Dieser Eintrag erschien am 6.3.2008 auf Gegen den Strom auf blog.de. Da ich Grund zur Annahme habe, daß mein Blog dort kurz vor der Löschung steht, transferiere ich alle meine Beiträge hierher.

Die Mitteldeutsche Zeitung berichtet heute in ihrer Onlineausgabe, daß sich die Zahl der Christen im Irak seit 2003 halbiert hat.
Natürlich hat das nichts mit einer natürlichen Bevölkerungsentwicklung zu tun, sondern ist Ausdruck einer muslimischen Vernichtungspolitik.

«Die größte Christenverfolgung weltweit spielt sich gegenwärtig im Irak ab», warnte im vergangenen Herbst Tilman Zülch von der Gesellschaft für bedrohte Völker. «Gezielte Terroranschläge und Massaker» gehörten zu dem, was Christen zu erleiden hätten - neben Einschüchterungen, Übergriffen und Entführungen. In der Hauptstadt Bagdad würden mehr als 1000 christliche Familien von islamistischen Milizen bedroht, weil sie nicht zum Islam übertreten, Sondersteuern zahlen oder ihre Töchter Muslimen zur Frau geben wollten, schlug die christliche Hilfsorganisation Portes Ouvertes (Offene Türen) Alarm.

In einem Land, das im Chaos versinkt und von fremden Mächten besetzt ist, sollte man meinen, daß es andere Probleme abseits der Religionszugehörigkeit gibt. Die Religion des Friedens sieht dies offenbar anders.

Gerechtfertigt werden sämtliche Übergriffe natürlich mit den Mohammed-Karikaturen in Dänemark, fraglich ist nur, wann Kurt Westergaard wegen Völkermord angeklagt wird.

Radio Vatikan hat nach der gestrigen Verlautbarung des Kuschelkurses mit dem Islam ( “Interrreligiöser Dialog”)heute eine etwas härtere Gangart eingeschlagen:

Islamische Länder stehen zuoberst auf dem Index für Christenverfolgung. UNO-Menschenrechte werden meist nur unter Vorbehalt der Scharia akzeptiert. Diese sehe für Menschen, die vom Islam zu einer anderen Religion wechseln, das Todesurteil vor, so Don Andrea Pacini.
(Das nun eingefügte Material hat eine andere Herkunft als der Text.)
(* For every $f\in H^2(\mathbb{D})$, $$\lim_{|a|\to 1\ \text{or}\ n\to\infty}|\langle f,e_{n,a}\rangle|=0,$$ i.e. for every $\varepsilon>0$ there exist $r<1$ and $N\in\mathbb{N}$ such that $|\langle f,e_{n,a}\rangle|<\varepsilon$ whenever $(n,a)\in\mathbb{N}\times\mathbb{D}$ satisfies $|a|>r$ or $n>N$. (In other words, the complete Szegő dictionary $\{e_{n,a}\}_{(n,a)\in\mathbb{N}\times\mathbb{D}}$ satisfies the boundary vanishing condition.)
   Context: $\mathbb{D}$ is the open unit disc; $H^2(\mathbb{D})$ the Hardy space with inner product $\langle f,g\rangle=\frac{1}{2\pi}\int_0^{2\pi}f(e^{it})\overline{g(e^{it})}\,dt$. For $n\in\mathbb{N}=\{0,1,\dots\}$ and $a\in\mathbb{D}$, $k_{n,a}(z)=\left(\frac{\partial}{\partial\overline{a}}\right)^n\frac{1}{1-\overline{a}z}=\frac{n!\,z^n}{(1-\overline{a}z)^{n+1}}$ and $e_{n,a}=k_{n,a}/\|k_{n,a}\|$. *)

theory Defs
  imports "HOL-Analysis.Analysis"
begin

definition circle_mean :: "(complex \<Rightarrow> complex) \<Rightarrow> (complex \<Rightarrow> complex) \<Rightarrow> real \<Rightarrow> complex" where
  "circle_mean f g r = (1 / (2 * pi)) *\<^sub>R
     integral {0..2*pi} (\<lambda>t. f (of_real r * exp (\<i> * of_real t)) * cnj (g (of_real r * exp (\<i> * of_real t))))"

definition H2 :: "(complex \<Rightarrow> complex) set" where
  "H2 = {f. f holomorphic_on ball 0 1 \<and>
            bounded ((\<lambda>r. circle_mean f f r) ` {0..<1})}"

text \<open>Inner product of H^2 (equal to the boundary-value integral).\<close>
definition h2_inner :: "(complex \<Rightarrow> complex) \<Rightarrow> (complex \<Rightarrow> complex) \<Rightarrow> complex" where
  "h2_inner f g = Lim (at_left 1) (circle_mean f g)"

definition h2_norm :: "(complex \<Rightarrow> complex) \<Rightarrow> real" where
  "h2_norm f = sqrt (Re (h2_inner f f))"

definition szego_k :: "nat \<Rightarrow> complex \<Rightarrow> complex \<Rightarrow> complex" where
  "szego_k n a z = of_nat (fact n) * z ^ n / (1 - cnj a * z) ^ (n + 1)"

definition szego_e :: "nat \<Rightarrow> complex \<Rightarrow> complex \<Rightarrow> complex" where
  "szego_e n a z = szego_k n a z / of_real (h2_norm (szego_k n a))"

end

(*
  Work with Taylor coefficients.  For power series f = sum c_j z^j and g = sum d_j z^j on the
  disc, integrating termwise over the circle of radius r < 1 gives the circle mean
  sum c_j conj(d_j) r^(2j); letting r -> 1 yields <f, g> = sum c_j conj(d_j) whenever this
  series converges absolutely, and shows that f in H^2 has square-summable coefficients.

  The coefficients of k_{n,a} vanish below index n and equal n! (j choose n) conj(a)^(j-n)
  from n on.  Hence ||k_{n,a}||^2 >= sum_m |a|^(2m) = 1/(1-|a|^2), so the coefficients of
  e_{n,a} form a unit vector of l^2 whose first M entries are at most M! 2^M sqrt(1-|a|^2).

  Split <f, e_{n,a}> = sum c_j conj(e_j) at index M.  By Cauchy-Schwarz the tail is at most
  (sum_{j>=M} |c_j|^2)^(1/2), which is small once M is large.  The head vanishes for n > M and
  is otherwise at most M! 2^M (sum_{j<M} |c_j|) sqrt(1-|a|^2), which is small once |a| is
  close to 1.
*)

theory Submission
  imports Defs "HOL-Complex_Analysis.Cauchy_Integral_Formula"
begin

lemma binomial_series_sums:
  fixes w :: "'a::{real_normed_field,banach}"
  assumes "norm w < 1"
  shows "(\<lambda>m. of_nat ((n + m) choose m) * w ^ m) sums (1 / (1 - w) ^ (n + 1))"
  using assms
proof (induction n arbitrary: w)
  case 0
  then show ?case using geometric_sums[of w] by simp
next
  case (Suc n)
  define \<rho> where "\<rho> = (1 + norm w) / 2"
  have "norm w < \<rho>" "\<rho> < 1"
    using Suc.prems by (auto simp: \<rho>_def)
  then have "norm (of_real \<rho> :: 'a) < 1" "norm w < norm (of_real \<rho> :: 'a)"
    by (smt (verit) norm_ge_zero norm_of_real)+
  then have abs_sum: "summable (\<lambda>k. norm (of_nat ((n + k) choose k) * w ^ k))"
    using Suc.IH sums_summable powser_insidea by metis
  have geom: "summable (\<lambda>k. norm (w ^ k))"
    using Suc.prems by (simp add: summable_geometric norm_power)
  have coeff: "(\<Sum>i\<le>k. of_nat ((n + i) choose i) * w ^ i * w ^ (k - i)) = of_nat ((Suc n + k) choose k) * w ^ k" for k
  proof -
    have "(\<Sum>i\<le>k. of_nat ((n + i) choose i) * w ^ i * w ^ (k - i)) = of_nat (\<Sum>i\<le>k. (n + i) choose i) * w ^ k"
      by (simp add: sum_distrib_right mult.assoc power_add[symmetric])
    then show ?thesis by (simp add: sum_choose_lower)
  qed
  have "(\<lambda>k. of_nat ((Suc n + k) choose k) * w ^ k) sums
      ((\<Sum>k. of_nat ((n + k) choose k) * w ^ k) * (\<Sum>k. w ^ k))"
    using Cauchy_product_sums[OF abs_sum geom] by (simp only: coeff)
  also have "(\<Sum>k. of_nat ((n + k) choose k) * w ^ k) * (\<Sum>k. w ^ k) = 1 / (1 - w) ^ (Suc n + 1)"
    using Suc.IH[OF Suc.prems] geometric_sums[OF Suc.prems] by (simp add: sums_iff)
  finally show ?case .
qed

lemma has_integral_exp_int_period:
  fixes m :: int
  shows "((\<lambda>t::real. exp (of_real t * (\<i> * of_int m))) has_integral (if m = 0 then of_real (2 * pi) else 0)) {0..2*pi}"
proof (cases "m = 0")
  case True
  then show ?thesis using has_integral_const_real[of "1::complex" 0 "2*pi"]
    by (simp add: scaleR_conv_of_real)
next
  case False
  define w where "w = \<i> * of_int m"
  have "w \<noteq> 0" using False by (simp add: w_def)
  then have "((\<lambda>z. exp (z * w) / w) has_field_derivative exp (z * w)) (at z)" for z
    by (auto intro!: derivative_eq_intros)
  then have "((\<lambda>t. exp (of_real t * w)) has_integral (exp (of_real (2*pi) * w) / w - exp (of_real 0 * w) / w)) {0..2*pi}"
    by (intro fundamental_theorem_of_calculus) (auto intro: has_vector_derivative_real_field)
  moreover have "exp (of_real (2*pi) * w) = 1"
    using exp_integer_2pi[of "of_int m"] by (simp add: w_def mult_ac)
  ultimately show ?thesis using False by (simp add: w_def)
qed

lemma circle_monomials_orthogonal:
  "((\<lambda>t::real. exp (\<i> * of_real t) ^ j * cnj (exp (\<i> * of_real t)) ^ k) has_integral
     (if j = k then of_real (2 * pi) else 0)) {0..2*pi}"
proof -
  have "exp (\<i> * of_real t) ^ j * cnj (exp (\<i> * of_real t)) ^ k = exp (of_real t * (\<i> * of_int (int j - int k)))" for t
    by (simp add: exp_cnj exp_of_nat_mult[symmetric] exp_add[symmetric] algebra_simps)
  then show ?thesis using has_integral_exp_int_period[of "int j - int k"] by simp
qed

lemma power_series_uniform_limit_cball:
  fixes c :: "nat \<Rightarrow> complex"
  assumes cf: "\<And>z. norm z < 1 \<Longrightarrow> (\<lambda>j. c j * z ^ j) sums f z" and "r < 1"
  shows "uniform_limit (cball 0 r) (\<lambda>N z. \<Sum>j<N. c j * z ^ j) f sequentially"
proof -
  have "1 \<le> conv_radius c"
    by (rule conv_radius_geI_ex') (auto intro: sums_summable[OF cf])
  moreover have "ereal r < 1"
    using \<open>r < 1\<close> by simp
  ultimately have "ereal r < conv_radius c"
    by (rule order.strict_trans2[rotated])
  from powser_uniform_limit[OF this, of 0]
  show ?thesis
    by (rule uniform_limit_cong'[THEN iffD1, rotated 2]) (use cf \<open>r < 1\<close> in \<open>auto simp: sums_iff\<close>)
qed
Es bleibt zu hoffen, daß der Papst, der ja nicht von muslimischen Mitbürgern gewählt werden kann, standhaft bleibt und eine harte Linie gegen die Religion der Intoleranz fährt. Auch im Sinne aller Nicht-Christen, da der Islam ja nur in Gläubige und Ungläubige unterscheidet.